Compared to the prior studies, the main contribution of this work is to offer new insights about country-to-DNS importance, which has never been investigated a priori. In addition, the number of websites and countries we select to assess the importance is significantly larger than prior works using hundreds of popular sites and few countries [28], [64], [71].

B. Measurement of DNS

Numerous works have been done to measure the DNS infrastructure with passive or active data collection. The first approach [78], [79] obtains DNS logs from DNS servers [77] and historical database [23], or downloads zone files [8]. The second approach issues DNS queries from vantage points against DNS servers for performance measurement or anomaly identification. Platforms like RIPE Atlas [9], [10], [21], [80], [81], proxy networks [2], [82] and ad networks [83] were leveraged as crowd-sourced vantage points. In addition, researchers use open resolvers, which can be identified through scanning IPv4 address space [3], [39], [84], to forward DNS requests and conduct active measurement [26], [80], [85].

Our study attempts to assess country importance based on the distribution of nameservers. Previous works have extensively measured nameservers, focusing the aspects like performance [79], [81], [86], [87], security [30], [88], privacy [52], [89], configuration issues [8], [90] and record inconsistencies [9], [10], [21]. Though DNS is designed as a distributed system for reliability, recent studies revealed the trend of centralizing DNS services. For example, [8] showed that SLD names are increasingly sharing nameservers. References [27], [91], [92] discovered that nameservers of popular websites run on a small number of hosting or cloud services.
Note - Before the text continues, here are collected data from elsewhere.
lemma vcomp_list_replace_at:
  assumes "vcomp_list xs = vcomp_list xs'" and "take (length xs) (drop k ys) = xs"
    and "ys' = take k ys @ xs' @ drop (k + length xs) ys"
    and "composable ys" "composable xs'" "xs \<noteq> []" "xs' \<noteq> []"
  shows "vcomp_list ys = vcomp_list ys'"
proof -
  have "ys = take k ys @ xs @ drop (k + length xs) ys"
    using assms(2) by (metis add.commute append_take_drop_id drop_drop)
  then show ?thesis
    using vcomp_list_replace[of "take k ys" xs "drop (k + length xs) ys" xs'] assms by metis
qed

lemma paste_as_list:
  "paste f f' f'' a b a' b' \<tau> \<sigma> = vcomp_list [vinv (As b' b f), b' \<lhd> \<sigma>, As b' f' a, \<tau> \<rhd> a, vinv (As f'' a' a)]"
  by (simp add: paste_def vcomp_list.simps)

lemma paste_cell:
  assumes "square f f' a b \<sigma>" "square f' f'' a' b' \<tau>"
  shows "paste f f' f'' a b a' b' \<tau> \<sigma> \<in> A2" "dm (paste f f' f'' a b a' b' \<tau> \<sigma>) = f'' \<diamond> (a' \<diamond> a)"
    "cd (paste f f' f'' a b a' b' \<tau> \<sigma>) = (b' \<diamond> b) \<diamond> f"
  using square_paste[OF assms] unfolding square_def by auto

text \<open>
  Both pastings of three squares, composed with the associator of the appropriate side, are
  rewritten into the same chain of sixteen 2-cells, using the pentagon four times on each side.
\<close>

context
  fixes f0 f1 f2 f3 a1 a2 a3 b1 b2 b3 \<sigma>1 \<sigma>2 \<sigma>3
  assumes u1: "square f0 f1 a1 b1 \<sigma>1" and u2: "square f1 f2 a2 b2 \<sigma>2" and u3: "square f2 f3 a3 b3 \<sigma>3"
begin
Inter-dependencies were identified between zone files [93], [94], which could damage the reliability of DNS potentially [95]. The results of our study complement prior works regarding the distribution of DNS services, showing that some countries have prominent impacts on the whole DNS infrastructure.

C. Measurement on DNS and Routing Jointly

To optimize the DNS resolution performance, the routes between users and the nameservers are heavily engineered. IP anycast is a technique leveraged to this end and it has been measured using passive or active analysis [77], [96]–​[99]. On the other hand, route hijack against DNS has been discovered and DNS and routing data are combined to detect such incidents [1], [98], [100]–​[102]. Yet, no prior study has assessed the importance of certain parties related to the DNS infrastructure in the lens of routes, and we make the first attempt.